The tactics and techniques used by the gods are similar to those used by the anti-gods: including deception. For instance, Rudra is pitted against Maya, who like her counterpart is also characterized by a deceitful nature she uses against her cosmic foes (Doniger Hindu Myths). The conflict between Rudra and Maya is only temporarily, and relatively superficially, resolved by intervention by Shiva, Vishnu and Brahma, who transform themselves into cows and thereby gain immortality and stun the demons in the Triple City. Yet as Maya observes the triad's cleverness, she concludes that "it must be fate, against which neither gods nor demons, nor anyone else, could do anything," (cited by Doniger, The Origins of Evil 182). Thus, the ongoing enmity between the gods and the demons is governed by forces beyond even their own control.
The gods and demons are equally matched because they are like players in a grander cosmic stage, the ultimate origins of which may be beyond not only human comprehension but also divine knowledge.
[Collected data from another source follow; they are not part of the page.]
lemma P1_eq_exp_mult:
  "P1 a h \<alpha> z t w s = exp (- \<alpha>\<^sup>2 * (t - s))
     * (2 * (eigfun a \<alpha> z * eigfun a \<alpha> w) / (2 * a + h * (a\<^sup>2 + \<alpha>\<^sup>2)))"
  by (simp add: P1_def eigfun_def)

theorem lemma3p4:
  fixes a h \<alpha> z w t s :: real
  assumes "a > 0" and "0 < h" and "h \<le> 1 / (3 * a)"
    and "smallest_pos_eig a h \<alpha>"
    and "0 \<le> z" and "z \<le> h" and "0 \<le> w" and "w \<le> h" and "t > s"
  shows "\<bar>P1 a h \<alpha> z t w s - \<alpha>\<^sup>2 / (2 * a) * exp (- \<alpha>\<^sup>2 * (t - s))\<bar>
           \<le> 5 / 2 * h * \<alpha>\<^sup>2 * exp (- \<alpha>\<^sup>2 * (t - s))"
proof -
  define R where "R = 2 * (eigfun a \<alpha> z * eigfun a \<alpha> w) / (2 * a + h * (a\<^sup>2 + \<alpha>\<^sup>2))"
  have "a * h \<le> 1 / 3"
    using assms(1,3) by (simp add: field_simps)
  note estimates = smallest_pos_eig_estimates [OF assms(1,2) this assms(4)]
  have "\<bar>R - \<alpha>\<^sup>2 / (2 * a)\<bar> \<le> 5 / 2 * h * \<alpha>\<^sup>2"
    unfolding R_def by (rule eigfun_mult_ratio_bound [OF assms(1,2) estimates assms(5-8)])
  moreover have "P1 a h \<alpha> z t w s - \<alpha>\<^sup>2 / (2 * a) * exp (- \<alpha>\<^sup>2 * (t - s))
      = exp (- \<alpha>\<^sup>2 * (t - s)) * (R - \<alpha>\<^sup>2 / (2 * a))"
    unfolding P1_eq_exp_mult R_def by (simp add: algebra_simps)
  ultimately show ?thesis
    by (simp add: abs_mult)
qed

end
(* Let $\vec f$ be a smooth closed plane curve parametrized by arc length with rotation number $n\ge1$. Then \[ I_0=\frac{16\pi^4}{L^3}\sum_{k\in\mathbb Z}k^3(k-n)|\hat f(k)|^2=\frac{16\pi^4}{L^3}\sum_{k\in\mathbb Z}k^2(k-n)^2|\hat f(k)|^2 . \] In particular $I_0\ge 0$, with equality if and only if the image of $\vec f$ is an $n$-fold circle.
   Context: A closed plane curve is a smooth map $\vec f:\mathbb{R}/L\mathbb{Z}\to\mathbb{R}^2$ parametrized by arc length $s$, where $L>0$ is its length. $\vec\tau=\partial_s\vec f$, $\vec\nu$ is $\vec\tau$ rotated counterclockwise by $\pi/2$, $\kappa=\partial_s^2\vec f\cdot\vec\nu$, and the rotation number is $n=\frac{1}{2\pi}\int_0^L\kappa\,ds$. Let $\tilde\kappa=\kappa-\frac1L\int_0^L\kappa\,ds$ and $I_0=L\int_0^L\tilde\kappa^2\,ds$. Identifying $\mathbb{R}^2$ with $\mathbb{C}$, $f=f_1+if_2$, and $\hat f(k)=L^{-1/2}\int_0^L f(s)e^{-2\pi i k s/L}\,ds$. An $n$-fold circle is the image of a map of the form $s\mapsto c+re^{2\pi i n (s+\sigma)/L}$ with $c\in\mathbb C$, $r>0$, $\sigma\in\mathbb R$. *)

theory Defs
  imports "HOL-Analysis.Analysis"
begin

text \<open>Plane curves are maps real \<Rightarrow> complex (identifying R^2 with C).\<close>

definition vderiv :: "(real \<Rightarrow> complex) \<Rightarrow> real \<Rightarrow> complex" where
  "vderiv g = (\<lambda>t. vector_derivative g (at t))"

definition smooth_curve :: "(real \<Rightarrow> complex) \<Rightarrow> bool" where
  "smooth_curve f \<longleftrightarrow> (\<forall>k x. (vderiv ^^ k) f differentiable (at x))"

definition closed_arclength_curve :: "(real \<Rightarrow> complex) \<Rightarrow> real \<Rightarrow> bool" where
  "closed_arclength_curve f L \<longleftrightarrow> L > 0 \<and> smooth_curve f \<and>
     (\<forall>s. f (s + L) = f s) \<and> (\<forall>s. norm (vderiv f s) = 1)"

definition cdot :: "complex \<Rightarrow> complex \<Rightarrow> real" where
  "cdot a b = Re (a * cnj b)"

definition tangent :: "(real \<Rightarrow> complex) \<Rightarrow> real \<Rightarrow> complex" where
  "tangent f s = vderiv f s"

definition normal :: "(real \<Rightarrow> complex) \<Rightarrow> real \<Rightarrow> complex" where
  "normal f s = \<i> * tangent f s"

definition curvature :: "(real \<Rightarrow> complex) \<Rightarrow> real \<Rightarrow> real" where
  "curvature f s = cdot (vderiv (vderiv f) s) (normal f s)"

definition rotation_number :: "(real \<Rightarrow> complex) \<Rightarrow> real \<Rightarrow> real" where
  "rotation_number f L = (1 / (2 * pi)) * integral {0..L} (curvature f)"

definition osc_curvature :: "(real \<Rightarrow> complex) \<Rightarrow> real \<Rightarrow> real \<Rightarrow> real" where
  "osc_curvature f L s = curvature f s - (1 / L) * integral {0..L} (curvature f)"

definition I0 :: "(real \<Rightarrow> complex) \<Rightarrow> real \<Rightarrow> real" where
  "I0 f L = L * integral {0..L} (\<lambda>s. (osc_curvature f L s)\<^sup>2)"

definition fourier_coeff :: "(real \<Rightarrow> complex) \<Rightarrow> real \<Rightarrow> int \<Rightarrow> complex" where
  "fourier_coeff f L k = complex_of_real (1 / sqrt L) *
     integral {0..L} (\<lambda>s. f s * exp (- 2 * pi * \<i> * of_int k * of_real s / of_real L))"

definition is_n_fold_circle :: "(real \<Rightarrow> complex) \<Rightarrow> real \<Rightarrow> int \<Rightarrow> bool" where
  "is_n_fold_circle f L n \<longleftrightarrow> (\<exists>c r \<sigma>. r > 0 \<and>
     (\<forall>s. f s = c + of_real r * exp (2 * pi * \<i> * of_int n * of_real (s + \<sigma>) / of_real L)))"

end

theory Submission
  imports Defs
begin

text \<open>
  Let \<open>\<omega> = \<kappa> - 2\<pi>n/L\<close> be the oscillation of the curvature. By the Frenet equation
  \<open>f'' = i \<kappa> f'\<close>, the function \<open>h = f'' - i (2\<pi>n/L) f'\<close> equals \<open>i \<omega> f'\<close>, so \<open>|h| = |\<omega>|\<close>
  and \<open>I\<^sub>0 = L \<integral>|h|\<^sup>2\<close>. Integrating by parts, the \<open>k\<close>-th Fourier coefficient of \<open>h\<close> is
  \<open>-(2\<pi>/L)\<^sup>2 k (k - n)\<close> times that of \<open>f\<close>, and Parseval's identity gives the second series.
  Moreover the inner product of \<open>h\<close> with the normal \<open>i f'\<close> is \<open>\<omega>\<close>, which has mean zero; by
  polarised Parseval \<open>\<Sum> k\<^sup>2 (k - n) |f\<^sup>^(k)|\<^sup>2 = 0\<close>, and adding \<open>n\<close> times this sum turns the
  second series into the first. Finally \<open>I\<^sub>0 = 0\<close> means \<open>\<omega> = 0\<close>, i.e. \<open>f'' = (2\<pi>i n/L) f'\<close>,
  whose solutions with \<open>|f'| = 1\<close> are exactly the \<open>n\<close>-fold circles.
  Parseval's identity itself follows from the density of trigonometric polynomials
  (Stone-Weierstrass on the circle) and the best-approximation property of Fourier coefficients.
\<close>

section \<open>Fourier modes and trigonometric polynomials\<close>

definition fourier_mode :: "real \<Rightarrow> int \<Rightarrow> real \<Rightarrow> complex" where
  "fourier_mode L k s = exp (2 * pi * \<i> * of_int k * of_real s / of_real L)"

lemma fourier_mode_0 [simp]: "fourier_mode L k 0 = 1"
  by (simp add: fourier_mode_def)

lemma fourier_mode_zero_freq [simp]: "fourier_mode L 0 = (\<lambda>s. 1)"
  by (simp add: fourier_mode_def fun_eq_iff)

lemma fourier_mode_eq_exp_linear:
  "fourier_mode L k = (\<lambda>s. exp ((2 * pi * \<i> * of_int k / of_real L) * of_real s))"
  unfolding fourier_mode_def by (simp add: fun_eq_iff)

lemma fourier_mode_period [simp]:
  assumes "L \<noteq> 0"
  shows "fourier_mode L k L = 1"
proof -
  have "fourier_mode L k L = exp ((2 * of_int k * pi) * \<i>)"
    unfolding fourier_mode_def using assms by (simp add: field_simps)
  also have "\<dots> = 1" by (rule exp_integer_2pi) simp
  finally show ?thesis .
qed

lemma fourier_mode_mult: "fourier_mode L j s * fourier_mode L k s = fourier_mode L (j + k) s"
  unfolding fourier_mode_def by (simp add: exp_add[symmetric] algebra_simps add_divide_distrib)

lemma cnj_fourier_mode: "cnj (fourier_mode L k s) = fourier_mode L (- k) s"
  unfolding fourier_mode_def exp_cnj by (simp add: complex_eq_iff)

lemma fourier_mode_mult_cnj: "fourier_mode L j s * cnj (fourier_mode L k s) = fourier_mode L (j - k) s"
  unfolding cnj_fourier_mode fourier_mode_mult by simp

lemma has_vector_derivative_fourier_mode:
  "(fourier_mode L k has_vector_derivative (2 * pi * \<i> * of_int k / of_real L) * fourier_mode L k s)
     (at s within S)"
proof -
  define c where "c = 2 * pi * \<i> * of_int k / of_real L"
  have "((\<lambda>z. exp (c * z)) has_field_derivative c * exp (c * of_real s)) (at (of_real s))"
    by (auto intro!: derivative_eq_intros)
  from has_vector_derivative_real_field[OF this] show ?thesis
    unfolding fourier_mode_eq_exp_linear c_def .
qed

lemma continuous_on_fourier_mode [continuous_intros]: "continuous_on S (fourier_mode L k)"
  unfolding fourier_mode_eq_exp_linear by (intro continuous_intros)

lemma integral_fourier_mode:
  assumes "L > 0"
  shows "integral {0..L} (fourier_mode L k) = (if k = 0 then of_real L else 0)"
proof (cases "k = 0")
  case False
  define c where "c = 2 * pi * \<i> * of_int k / of_real L"
  have "c \<noteq> 0" using False assms unfolding c_def by simp
  have "((\<lambda>s. c * fourier_mode L k s / c) has_integral
          (fourier_mode L k L / c - fourier_mode L k 0 / c)) {0..L}"
    using assms has_vector_derivative_fourier_mode[of L k]
    by (intro fundamental_theorem_of_calculus) (auto simp: c_def intro!: derivative_eq_intros)
  then have "(fourier_mode L k has_integral 0) {0..L}"
    using \<open>c \<noteq> 0\<close> assms by simp
  then show ?thesis using False by (simp add: integral_unique)
qed (use assms in \<open>simp add: scaleR_conv_of_real\<close>)

lemma integral_fourier_mode_mult_cnj:
  assumes "L > 0"
  shows "integral {0..L} (\<lambda>s. fourier_mode L j s * cnj (fourier_mode L k s)) =
    (if j = k then of_real L else 0)"
  unfolding fourier_mode_mult_cnj integral_fourier_mode[OF assms] by simp

definition trig_poly :: "real \<Rightarrow> (real \<Rightarrow> complex) \<Rightarrow> bool" where
  "trig_poly L h \<longleftrightarrow> (\<exists>F A. finite F \<and> h = (\<lambda>s. \<Sum>k\<in>F. A k * fourier_mode L k s))"

lemma trig_polyE:
  assumes "trig_poly L h"
  obtains F A where "finite F" "h = (\<lambda>s. \<Sum>k\<in>F. A k * fourier_mode L k s)"
  using assms unfolding trig_poly_def by blast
Doniger also questions whether Hindu mythology aims to present divine enmity as being eternal, and therefore irreconcilable, or temporary and therefore resolvable. Pantanjali "lists gods and demons in the category of 'enmity' but not under 'eternal opposition,'" a category reserved for certain other entities but not to the gods (Doniger The Origins of Evil 62). The implication of Patanjali's analysis is to present a cosmology in which the gods' enmity is not eternal but rather, resolvable and reconcilable. Yet as Doniger points out, Patanjali's assessment of the temporary nature of divine enmity is not universally shared among Hindu authors, most notably the authors of the Mahabharata, which clearly states that the gods and their brother demons are "locked in an enmity that is innate and therefore constant and perpetual," (62). In fact, several other sources do seem to point to the infinite nature of all characteristics ascribed to the gods. For example, Rudra is defined as the "god of infinite deception," deception becoming a sort of superpower that can be used to counterbalance the deceit of the demons (Doniger The Origins of Evil 181).



The maintenance of balance and cosmic order is crucial to Hindu mythology,….....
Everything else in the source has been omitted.